■ Work request ■
Pick out the lines below that include the string "rule".

■ Saved entries ■

section \<open>Termwise differentiation and analytic continuation\<close>

lemma has_field_derivative_suminf:
  fixes f f' :: "nat \<Rightarrow> complex \<Rightarrow> complex"
  assumes "open S" "x \<in> S"
    and "\<And>n x. x \<in> S \<Longrightarrow> (f n has_field_derivative f' n x) (at x)"
    and "\<And>x. x \<in> S \<Longrightarrow> \<exists>d h. 0 < d \<and> summable h \<and>
           (\<forall>\<^sub>F n in sequentially. \<forall>y\<in>ball x d \<inter> S. norm (f n y) \<le> h n)"
  shows "((\<lambda>x. \<Sum>n. f n x) has_field_derivative (\<Sum>n. f' n x)) (at x)"
proof -
  obtain g g' where g: "\<And>x. x \<in> S \<Longrightarrow> (\<lambda>n. f n x) sums g x \<and> (\<lambda>n. f' n x) sums g' x \<and>
      (g has_field_derivative g' x) (at x)"
    using series_and_derivative_comparison_local[OF assms(1,3,4)] by metis
  have "(g has_field_derivative (\<Sum>n. f' n x)) (at x)"
    using g[OF assms(2)] sums_unique by metis
  then show ?thesis
    by (rule has_field_derivative_transform_within_open[OF _ assms(1,2)]) (use g sums_unique in metis)
qed

lemma higher_deriv_Ln_of_exp:
  assumes "open S" "x \<in> S" "isCont g x" "\<bar>Im (g x)\<bar> < pi" "\<And>w. w \<in> S \<Longrightarrow> f w = exp (g w)"
  shows "(deriv ^^ n) (\<lambda>w. Ln (f w)) x = (deriv ^^ n) g x"
proof (rule higher_deriv_cong_ev[OF _ refl])
  have "isCont (\<lambda>w. \<bar>Im (g w)\<bar>) x"
    using isCont_Im[OF assms(3)] by (intro continuous_intros)
  then have "((\<lambda>w. \<bar>Im (g w)\<bar>) \<longlongrightarrow> \<bar>Im (g x)\<bar>) (nhds x)"
    by (metis isCont_def tendsto_at_iff_tendsto_nhds)
  then have "\<forall>\<^sub>F w in nhds x. \<bar>Im (g w)\<bar> < pi"
    using assms(4) by (rule order_tendstoD)
  moreover have "\<forall>\<^sub>F w in nhds x. w \<in> S"
    using assms(1,2) by (rule eventually_nhds_in_open)
  ultimately show "\<forall>\<^sub>F w in nhds x. Ln (f w) = g w"
    by eventually_elim (use assms(5) in \<open>auto intro!: Ln_exp\<close>)
qed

■ Result ■
    by (rule has_field_derivative_transform_within_open[OF _ assms(1,2)]) (use g sums_unique in metis)
proof (rule higher_deriv_cong_ev[OF _ refl])
    using assms(4) by (rule order_tendstoD)
    using assms(1,2) by (rule eventually_nhds_in_open)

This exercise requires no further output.